Here's a memory from my youth. Let's say it's the early '50s. I'm a thoughtless, self-absorbed adolescent, nominally studying at Erasmus Hall but in fact not paying much mind to schoolwork. It's a Sunday dinner, so I've probably just come home from playing several hours of schoolyard basketball or softball. We're at the dining room table. Roast beef, possibly. There's a desultory conversation, but then my father, Emanuel, savoring the loaded table, observes, right out of left field I thought then, "I don't think we could eat better food." He paused. "Perhaps fancier, but not better."
I didn't know what has prompted his observation but it made enough impact on me that I retained it in memory for now these seventy years. I doubt that any of the five of us dissented and I suspect that we continued to stuff ourselves with meat and roasted potatoes and (inasmuch as it was the 50s), some sort of soggy canned vegetable. But now, almost seven decades later, I think that I have a better understanding of Dad's spontaneous celebration of the roast. I also think that I know why that particular moment has stayed in my mind when so much else has long since evaporated. After all, Dad was not given to gratuitous compliments, certainly not to the food on the table. My father was neither a gourmet nor a food critic (I've written about his eating habits elsewhere). I now know that he wasn't commenting on the preparation or the presentation of the food. He was savoring its inherent quality -- its grade A choiceness -- wait, not just its quality so much as its abundance. But even more specifically, when I think back, he was enjoying the knowledge that he was able to provide such a bountiful dinner for his family.
To understand Dad's spontaneous overflow of emotion, it's necessary to recall the facts of his own childhood. From what I've gleaned, the family in which he grew up must have been among the poorest in America, the very bottom of the economic ladder. His father worked in a factory -- which was just a large room behind a storefront -- as a roller of cigars. It's well documented that in the first part of the 20th century, cigar-rollers were one of the most exploited and most underpaid of American workers. Grandpa's wage when Dad was growing up, he told me, was $9 per week. The family, the six of them (the parents Isaiah and Eta, the children Max, Sol, Mollie, and Manny) lived in a sixth floor cold water walk-up flat -- that is, in an apartment in a tenement up six flights of stairs (no elevators), water but no hot water. I don't know how many rooms in this apartment but it didn't matter much, because, Dad said, they all spent their time in the kitchen, which was the only room they could afford to heat.

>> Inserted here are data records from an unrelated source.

lemma exists_complete_or_sparse_packing:
  fixes e d x N :: real
  assumes graph: "simple_graph V E" and e: "0 < e" and d: "0 \<le> d" and x: "x \<le> e powr (3 * d)"
    and "V \<noteq> {}"
    and short: "\<And>S. S \<subseteq> V \<Longrightarrow> e powr d * card V \<le> card S \<Longrightarrow>
      \<exists>k::nat. 2 \<le> k \<and> k < 1 / e \<and> has_pure_or_sparse_blockade E x d S k"
    and "F \<subseteq> V" "e < N" "N \<le> 1 / e" "(e * N) powr d * card V \<le> card F"
  shows "\<exists>CC. complete_or_sparse_packing E (e powr d) F ((e / N) powr d * card F) CC \<and> N \<le> card CC"
  using assms(7-10)
proof (induction "card F" arbitrary: F N rule: less_induct)
  case less
  have "finite V" and E_sym: "\<And>u v. E u v \<Longrightarrow> E v u"
    using graph unfolding simple_graph_def by auto
  then have "finite F" using less.prems(1) finite_subset by blast
  have "0 < (e * N) powr d * card V"
    using e less.prems(2) \<open>V \<noteq> {}\<close> \<open>finite V\<close> by (simp add: card_gt_0_iff)
  with less.prems(4) have "0 < card F" by linarith
  show ?case
  proof (cases "N \<le> 1")
    case True
    have "(e / N) powr d \<le> 1" using e less.prems(2) d by (intro powr_le1) auto
    then have "(e / N) powr d * card F \<le> card F" by (simp add: mult_left_le_one_le)
    with \<open>0 < card F\<close> True show ?thesis
      by (intro exI[of _ "{F}"] conjI complete_or_sparse_packing_singleton) auto
  next
    case False
    obtain k B where B: "blockade F B k" "has_width_at_least B k (card F / k powr d)"
      and kind: "pure_blockade E B k \<or> sparse_blockade E x B k"
      and k: "0 < k" "e < N / k" "N / k \<le> 1 / e"
      and blocks: "\<And>i. i < k \<Longrightarrow> card (B i) < card F \<and> (e * (N / k)) powr d * card V \<le> card (B i)"
      using blockade_for_refinementE[OF e d short less.prems(1) \<open>0 < card F\<close> less.prems(4)]
        False less.prems(3) by (metis not_le)
    have "B i \<subseteq> V" if "i < k" for i
      using B(1) less.prems(1) that unfolding blockade_def by blast
    then have "\<forall>i<k. \<exists>CC. complete_or_sparse_packing E (e powr d) (B i)
        ((e / (N / k)) powr d * card (B i)) CC \<and> N / k \<le> card CC"
      using less.hyps k(2,3) blocks by blast
    then obtain f where "\<And>i. i < k \<Longrightarrow> complete_or_sparse_packing E (e powr d) (B i)
        ((e / (N / k)) powr d * card (B i)) (f i) \<and> N / k \<le> card (f i)"
      by metis
    from complete_or_sparse_packing_refinement_step[OF E_sym \<open>finite F\<close> B kind e d _ _ k(3) x this]
    show ?thesis using k e by fastforce
  qed
qed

Dad's mother, my grandmother Eta (she's Yetta in her naturalization papers) didn't speak much English and I can only remember one conversation with her -- just a short while before she died in 1962 at age 89. It was a struggle for her to speak my language but she managed to say two memorable sentences about her early years in America. She said, with pride, "we was poor but we was clean," and (very relevant here) "we always had what to eat." That sentence of hers --"we always had what to eat"-- was said with almost exactly the same valence as my father's "I don't think we could eat better food." For grandma, putting food on the table for six individuals was achievement enough. It was a triumph. Grandma didn't speak of her diet in the old country, but from her height (4'10") and that of her husband Isaiah's (5'1"), I can guess that food was an issue and that dearth was common. I also suspect that the sixth floor walk-up might have been luxurious compared to the standard of living in StaryConstantin in Ukraine.

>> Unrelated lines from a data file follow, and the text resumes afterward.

definition strongly_convex :: "('a::real_normed_vector \<Rightarrow> real) \<Rightarrow> real \<Rightarrow> bool" where
  "strongly_convex f \<mu> \<longleftrightarrow> \<mu> > 0 \<and>
     (\<forall>x y t. 0 \<le> t \<and> t \<le> 1 \<longrightarrow>
        f (t *\<^sub>R x + (1 - t) *\<^sub>R y)
          \<le> t * f x + (1 - t) * f y - \<mu> * t * (1 - t) / 2 * (norm (y - x))\<^sup>2)"

definition gradient :: "('a::euclidean_space \<Rightarrow> real) \<Rightarrow> 'a \<Rightarrow> 'a" where
  "gradient f x = (THE g. (f has_derivative (\<lambda>h. g \<bullet> h)) (at x))"

end

(*
  A strongly convex function has bounded sublevel sets, and a differentiable convex function
  has a continuous gradient. So the gradient is bounded and uniformly continuous on a compact
  neighbourhood of the sublevel set {f \<le> f x0}, and for all small t the gradient at
  y = x - t \<nabla>f(x) stays within \<eta>/2 of \<nabla>f(x), which forces \<nabla>f(y) \<bullet> \<nabla>f(x) \<ge> \<eta>\<^sup>2/2.
  The gradient inequality taken at y, f(x) \<ge> f(y) + t \<nabla>f(y) \<bullet> \<nabla>f(x), then gives the
  descent.
*)
theory Submission
  imports Defs
begin

lemma gradient_eqI:
  fixes f :: "'a::euclidean_space \<Rightarrow> real"
  assumes "(f has_derivative (\<lambda>h. g \<bullet> h)) (at x)"
  shows "gradient f x = g"
  unfolding gradient_def
proof (rule the_equality)
  show "(f has_derivative (\<lambda>h. g \<bullet> h)) (at x)"
    by (fact assms)
next
  fix g' assume "(f has_derivative (\<lambda>h. g' \<bullet> h)) (at x)"
  then have "(\<lambda>h. g' \<bullet> h) = (\<lambda>h. g \<bullet> h)"
    using assms by (rule has_derivative_unique)
  then show "g' = g"
    by (metis euclidean_eqI)
qed

lemma has_derivative_gradient:
  fixes f :: "'a::euclidean_space \<Rightarrow> real"
  assumes "f differentiable (at x)"
  shows "(f has_derivative (\<lambda>h. gradient f x \<bullet> h)) (at x)"
proof -
  obtain D where D: "(f has_derivative D) (at x)"
    using assms unfolding differentiable_def by blast
  have "D = (\<lambda>h. adjoint D 1 \<bullet> h)"
    using adjoint_works[OF has_derivative_linear[OF D], of _ 1] by (auto simp: inner_commute)
  with D show ?thesis
    using gradient_eqI by metis
qed

lemma strongly_convexD:
  assumes "strongly_convex f \<mu>" and "0 \<le> t" and "t \<le> 1"
  shows "f (t *\<^sub>R x + (1 - t) *\<^sub>R y)
           \<le> t * f x + (1 - t) * f y - \<mu> * t * (1 - t) / 2 * (norm (y - x))\<^sup>2"
  using assms by (simp add: strongly_convex_def)

lemma strongly_convex_imp_convex_on:
  fixes f :: "'a::real_normed_vector \<Rightarrow> real"
  assumes "strongly_convex f \<mu>"
  shows "convex_on UNIV f"
proof (rule convex_onI)
  fix t :: real and x y :: 'a
  assume "0 < t" "t < 1"
  moreover have "\<mu> > 0"
    using assms by (simp add: strongly_convex_def)
  ultimately have "0 \<le> \<mu> * t * (1 - t) / 2 * (norm (x - y))\<^sup>2"
    by simp
  with strongly_convexD[OF assms, of t y x] \<open>0 < t\<close> \<open>t < 1\<close>
  show "f ((1 - t) *\<^sub>R x + t *\<^sub>R y) \<le> (1 - t) * f x + t * f y"
    by (simp add: add.commute)
qed simp

lemma convex_on_restrict_line:
  assumes "convex_on UNIV f"
  shows "convex_on UNIV (\<lambda>s::real. f (y + s *\<^sub>R v))"
proof (rule convex_onI)
  fix t a b :: real
  assume "0 < t" "t < 1"
  have "y + ((1 - t) *\<^sub>R a + t *\<^sub>R b) *\<^sub>R v
        = (1 - t) *\<^sub>R (y + a *\<^sub>R v) + t *\<^sub>R (y + b *\<^sub>R v)"
    by (simp add: algebra_simps)
  with assms \<open>0 < t\<close> \<open>t < 1\<close>
  show "f (y + ((1 - t) *\<^sub>R a + t *\<^sub>R b) *\<^sub>R v)
          \<le> (1 - t) * f (y + a *\<^sub>R v) + t * f (y + b *\<^sub>R v)"
    by (simp add: convex_onD)
qed simp

lemma has_real_derivative_along_line:
  fixes f :: "'a::euclidean_space \<Rightarrow> real"
  assumes "f differentiable (at x)"
  shows "((\<lambda>s. f (x + s *\<^sub>R u)) has_real_derivative gradient f x \<bullet> u) (at 0)"
proof -
  have line: "((\<lambda>s. x + s *\<^sub>R u) has_derivative (\<lambda>s. s *\<^sub>R u)) (at 0)"
    by (auto intro!: derivative_eq_intros)
  have "(f has_derivative (\<lambda>h. gradient f x \<bullet> h)) (at ((\<lambda>s. x + s *\<^sub>R u) 0))"
    using has_derivative_gradient[OF assms] by simp
  from has_derivative_compose[OF line this] show ?thesis
    unfolding has_field_derivative_def by (rule has_derivative_eq_rhs) (simp add: fun_eq_iff)
qed

lemma convex_on_gradient_inequality:
  fixes f :: "'a::euclidean_space \<Rightarrow> real"
  assumes "convex_on UNIV f" and "f differentiable (at y)"
  shows "f y + gradient f y \<bullet> (z - y) \<le> f z"
proof -
  have "(gradient f y \<bullet> (z - y)) * (1 - 0) \<le> f (y + 1 *\<^sub>R (z - y)) - f (y + 0 *\<^sub>R (z - y))"
    by (intro convex_on_imp_above_tangent[OF convex_on_restrict_line[OF assms(1)]]
        has_real_derivative_along_line[OF assms(2)]) auto
  then show ?thesis
    by simp
qed

lemma eventually_gradient_inner_less:
  fixes f :: "'a::euclidean_space \<Rightarrow> real"
  assumes convex: "convex_on UNIV f" and diff: "\<And>x. f differentiable (at x)" and "\<epsilon> > 0"
  shows "\<forall>\<^sub>F y in at x. gradient f y \<bullet> u < gradient f x \<bullet> u + \<epsilon>"
proof -
  \<comment> \<open>\<open>\<nabla>f(y) \<bullet> u\<close> is bounded by the difference quotient \<open>q r y\<close>, which is continuous in \<open>y\<close>
     for fixed \<open>r\<close> and close to \<open>\<nabla>f(x) \<bullet> u\<close> at \<open>y = x\<close> for small \<open>r\<close>.\<close>
  define q where "q r y = (f (y + r *\<^sub>R u) - f y) / r" for r y
  have gradient_le_q: "gradient f y \<bullet> u \<le> q r y" if "r > 0" for r y
    using convex_on_gradient_inequality[OF convex diff, of y "y + r *\<^sub>R u"] that
    by (simp add: q_def pos_le_divide_eq mult.commute)
  from has_real_derivative_along_line[OF diff]
  have "((\<lambda>r. q r x) \<longlongrightarrow> gradient f x \<bullet> u) (at 0)"
    by (simp add: has_field_derivative_iff q_def)
  then have "\<forall>\<^sub>F r in at 0. q r x < gradient f x \<bullet> u + \<epsilon> / 2"
    using \<open>\<epsilon> > 0\<close> by (intro order_tendstoD) auto
  then obtain d where "d > 0"
    and d: "\<And>r. r \<noteq> 0 \<Longrightarrow> dist r 0 < d \<Longrightarrow> q r x < gradient f x \<bullet> u + \<epsilon> / 2"
    unfolding eventually_at by blast
  define r where "r = d / 2"
  have "r > 0" and qx: "q r x < gradient f x \<bullet> u + \<epsilon> / 2"
    using \<open>d > 0\<close> d[of r] by (auto simp: r_def)
  have cont: "isCont f z" for z
    using diff differentiable_imp_continuous_within by blast
  have "isCont (\<lambda>y. y + r *\<^sub>R u) x"
    by (intro continuous_intros)
  then have "isCont (\<lambda>y. f (y + r *\<^sub>R u)) x"
    using cont by (rule isCont_o2)
  then have "isCont (q r) x"
    unfolding q_def using cont \<open>r > 0\<close> by (intro continuous_intros) auto
  then have "\<forall>\<^sub>F y in at x. q r y < q r x + \<epsilon> / 2"
    using \<open>\<epsilon> > 0\<close> unfolding isCont_def by (intro order_tendstoD) auto
  then show ?thesis
  proof eventually_elim
    case (elim y)
    with gradient_le_q[OF \<open>r > 0\<close>, of y] qx show ?case
      by linarith
  qed
qed

lemma convex_on_continuous_gradient:
  fixes f :: "'a::euclidean_space \<Rightarrow> real"
  assumes convex: "convex_on UNIV f" and diff: "\<And>x. f differentiable (at x)"
  shows "continuous_on S (gradient f)"
proof -
  have "(\<lambda>y. gradient f y \<bullet> i) \<midarrow>x\<rightarrow> gradient f x \<bullet> i" for x and i :: 'a
  proof (rule order_tendstoI)
    fix a assume "gradient f x \<bullet> i < a"
    then show "\<forall>\<^sub>F y in at x. gradient f y \<bullet> i < a"
      using eventually_gradient_inner_less[OF convex diff,
          where x=x and \<epsilon>="a - gradient f x \<bullet> i" and u=i]
      by simp
  next
    fix a assume "a < gradient f x \<bullet> i"
    then show "\<forall>\<^sub>F y in at x. a < gradient f y \<bullet> i"
      using eventually_gradient_inner_less[OF convex diff,
          where x=x and \<epsilon>="gradient f x \<bullet> i - a" and u="- i"]
      by simp
  qed
  then have "isCont (gradient f) x" for x
    unfolding isCont_def by (subst tendsto_componentwise_iff) blast
  then show ?thesis
    by (simp add: continuous_at_imp_continuous_on)
qed

lemma half_square_le_inner_if_close:
  fixes a b :: "'a::real_inner"
  assumes "\<eta> \<le> norm b" and "norm (a - b) \<le> \<eta> / 2"
  shows "\<eta>\<^sup>2 / 2 \<le> a \<bullet> b"
proof -
  have "\<eta> \<ge> 0"
    using assms(2) norm_ge_zero[of "a - b"] by linarith
  have "- (norm (a - b) * norm b) \<le> (a - b) \<bullet> b"
    using Cauchy_Schwarz_ineq2[of "a - b" b] by linarith
  moreover have "norm (a - b) * norm b \<le> \<eta> / 2 * norm b"
    using assms(2) by (rule mult_right_mono) simp
  moreover have "\<eta> * (\<eta> / 2) \<le> norm b * (norm b - \<eta> / 2)"
    using assms(1) \<open>\<eta> \<ge> 0\<close> by (intro mult_mono) auto
  moreover have "a \<bullet> b = norm b * norm b + (a - b) \<bullet> b"
    by (simp add: inner_diff_left power2_norm_eq_inner[symmetric] power2_eq_square)
  ultimately show ?thesis
    by (simp add: power2_eq_square field_simps)
qed

lemma convex_on_gradient_step_decrease:
  fixes f :: "'a::euclidean_space \<Rightarrow> real"
  assumes convex: "convex_on UNIV f" and diff: "f differentiable (at (x - t *\<^sub>R gradient f x))"
    and "t \<ge> 0" and "\<eta> \<le> norm (gradient f x)"
    and "norm (gradient f (x - t *\<^sub>R gradient f x) - gradient f x) \<le> \<eta> / 2"
  shows "f (x - t *\<^sub>R gradient f x) \<le> f x - \<eta>\<^sup>2 / 2 * t"
proof -
  define g where "g = gradient f x"
  define y where "y = x - t *\<^sub>R g"
  have "f y + t * (gradient f y \<bullet> g) \<le> f x"
    using convex_on_gradient_inequality[OF convex diff, of x] by (simp add: y_def g_def)
  moreover have "\<eta>\<^sup>2 / 2 * t \<le> gradient f y \<bullet> g * t"
    using half_square_le_inner_if_close assms(4,5) \<open>t \<ge> 0\<close>
    by (intro mult_right_mono) (auto simp: y_def g_def)
  ultimately show ?thesis
    by (simp add: y_def g_def mult.commute)
qed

But to my father. He had no difficulty acknowledging the poverty of his early years. I think, looking back, that he had some pleasure in knowing that he had overcome the hardships of his youth. If he didn't have a jacket in the coldest of winters, well, he had a sweater, and that was enough. I only remember one complaint, and it wasn't about his family. During World War I, students in P. S. 122 were lined up on the side of the room and were instructed to offer their donations for the purchase of War Bonds. When they surrendered their dimes or quarters, they were allowed to sit down. But Dad was required to remain standing because he didn't have even a nickel to donate. "Wasn't that a cruel thing to do to a child," he said to me.
But poverty did not distort my father's personality. He was the precise opposite of the stereotype of the upwardly mobile overachiever, grasping for more and more. He was actually rather contemptuous of such people. He said to me once, "Anyone can make money if he makes it the whole business of his life to do so." And I also remember an instance when I overheard a conversation among his friends about how much their stocks had gained. After they left, my father said,
"When the stock market is going up, everyone's a genius." He himself never had an extra dollar to invest in stocks. But enough is as good as a feast.
He was the person least interested in material goods that I have met in my entire lifetime. He had no possessions and craved none. He was a real estate lawyer in a world where clients squabbled over inches, but his opinion was "Nobody owns anything. Maybe you can say you have a lifetime lease, but that's all."
Here's another piece of wisdom that offered, and one from which I've profited. I think I can quote this verbatim. "Never omit an opportunity to do a favor for a friend. And never be embarrassed to accept a favor from a friend. People like to help each other."